Enter Sage Bionetworks.  The Sage is now going to help the gatherers of information. The similarities between this information sharing and the Genome Project:
But a lot of what comes next will depend partly on what Sage does to clear the way, and what people in the biomedical research community choose to do with its platform. “Our mission is to develop flexible approaches that can be championed by others,” Friend says.
Championed by others?

Friend is Stephen Friend, a former VP at Merck who started a nonprofit with a bold vision to speed up drug discovery. He plans on offering the scientific community a common place online where scientists could pool their data and brainpower to speed up the pace of discovery and drug development. According to S. Friend, "biology has become far too complex for any lone researcher or Big Pharma company to keep tackling problems in isolation." 


Biology has gotten more complex?

Flash back to the days when biology was not too complex. It was so simple, we could still make progress without computers! Rene Descartes was a scientist who made many important contributions to the scientific community. He had a set of information that he thought had value.

 Meditations is by far Descartes's most popular work—though this would not have been the case in Descartes's day. This work is important to today's scholar for many reasons, not the least of which is its including as an attached text written objections from some of the best minds living in Paris. Mersenne sent the Meditations to philosophers and theologians for criticism. The list of critics includes: Caterus, Hobbes, Arnauld, Gassendi, and Mersenne himself, with several other unnamed readers who raised their objections through Mersenne. A later edition would include an objection from Bordin. Descartes replied to each critic, and the result was an appended text referred to as “The Objections and Replies.” The second edition contains seven sets in all.
Descartes's letter to the “learned and distinguished men” of the Sorbonne, which is appended to the Meditations, suggests that he was trying to pitch the Meditations as a textbook for the university. Though the endorsement of the Learned Men would not have guaranteed that the Meditations would be accepted or used as a textbook, it could certainly be viewed as an important step to getting it accepted. Unlike today's notion of a textbook, in Descartes's day “textbooks” were intended mostly for teachers, not students. Typically, at the close of a teacher's career, his notes would be published for the benefit of those who would go on to teach such course material.
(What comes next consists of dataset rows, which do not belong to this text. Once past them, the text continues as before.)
lemma block_proj_supported:
  assumes "P \<subseteq> tt_index_set d n"
  shows "block_proj (\<lambda>i. if i \<in> P then c i else 0) j = msum (r (s - 1)) (r s)
      (\<lambda>i. c i \<cdot>\<^sub>m ((left_prod G i (s - 1))\<^sup>T * (right_prod G d i s)\<^sup>T)) {i \<in> P. i s = j}"
proof (rule eq_matI)
  fix a b assume "a < dim_row (msum (r (s - 1)) (r s)
      (\<lambda>i. c i \<cdot>\<^sub>m ((left_prod G i (s - 1))\<^sup>T * (right_prod G d i s)\<^sup>T)) {i \<in> P. i s = j})"
    "b < dim_col (msum (r (s - 1)) (r s)
      (\<lambda>i. c i \<cdot>\<^sub>m ((left_prod G i (s - 1))\<^sup>T * (right_prod G d i s)\<^sup>T)) {i \<in> P. i s = j})"
  then have a: "a < r (s - 1)" and b: "b < r s" by auto
  have "block_proj (\<lambda>i. if i \<in> P then c i else 0) j $$ (a, b) = (\<Sum>i\<in>{i\<in>tt_index_set d n. i s = j}.
      if i \<in> P then c i * left_prod G i (s - 1) $$ (0, a) * right_prod G d i s $$ (b, 0) else 0)"
    unfolding index_block_proj[OF a b] by (intro sum.cong) auto
  also have "\<dots> = (\<Sum>i\<in>{i \<in> P. i s = j}. c i * left_prod G i (s - 1) $$ (0, a) * right_prod G d i s $$ (b, 0))"
  proof -
    have "{i\<in>{i\<in>tt_index_set d n. i s = j}. i \<in> P} = {i \<in> P. i s = j}" using assms by auto
    then show ?thesis by (simp add: sum.inter_filter[symmetric])
  qed
  also have "\<dots> = (\<Sum>i\<in>{i \<in> P. i s = j}.
      (c i \<cdot>\<^sub>m ((left_prod G i (s - 1))\<^sup>T * (right_prod G d i s)\<^sup>T)) $$ (a, b))"
  proof (rule sum.cong[OF refl])
    fix i assume "i \<in> {i \<in> P. i s = j}"
    then have i: "i \<in> tt_index_set d n" using assms by auto
    have "left_prod G i (s - 1) \<in> carrier_mat 1 (r (s - 1))"
      using block_index tt_index_set_mem[OF i] by (intro left_prod_carrier[OF tt_rep]) auto
    moreover have "right_prod G d i s \<in> carrier_mat (r s) 1"
      using block_index tt_index_set_mem[OF i] by (intro right_prod_carrier[OF tt_rep]) auto
    ultimately show "c i * left_prod G i (s - 1) $$ (0, a) * right_prod G d i s $$ (b, 0)
        = (c i \<cdot>\<^sub>m ((left_prod G i (s - 1))\<^sup>T * (right_prod G d i s)\<^sup>T)) $$ (a, b)"
      using a b index_transpose_mult_rows[of "left_prod G i (s - 1)" "r (s - 1)" "(right_prod G d i s)\<^sup>T" "r s" a b]
      by simp
  qed
  finally show "block_proj (\<lambda>i. if i \<in> P then c i else 0) j $$ (a, b) = msum (r (s - 1)) (r s)
      (\<lambda>i. c i \<cdot>\<^sub>m ((left_prod G i (s - 1))\<^sup>T * (right_prod G d i s)\<^sup>T)) {i \<in> P. i s = j} $$ (a, b)"
    using a b by simp
qed simp_all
A text book for teachers who would go on to teach... What we have with Sage Bionetworks is a list of information. The difference is clear. Sage offers random information that the proprietors did not generate themselves. They hope to share the information with people who will turn it into technologies that make money. Cargo. Descartes had a set of information that he gathered himself. He offered it up to the teachers in a manner that would allow them to understand, in great detail, who, what, when, why and how this information came to be and what can be done with it. It wasn't a football to be handed off but a playbook on how to play the game.

Disassembled an old car. Lay the parts on the ground. Bring in an engineer and tell him to make the car run again. It won't work. Sage Bionetworks likewise, will not work.

One of the ways scientists used to get information was in the laboratory. The laboratory is where you ask nature a question. If you are clever and do so in the right way, nature will reveal itself to you. At the end of your career you might have a very interesting text book to write.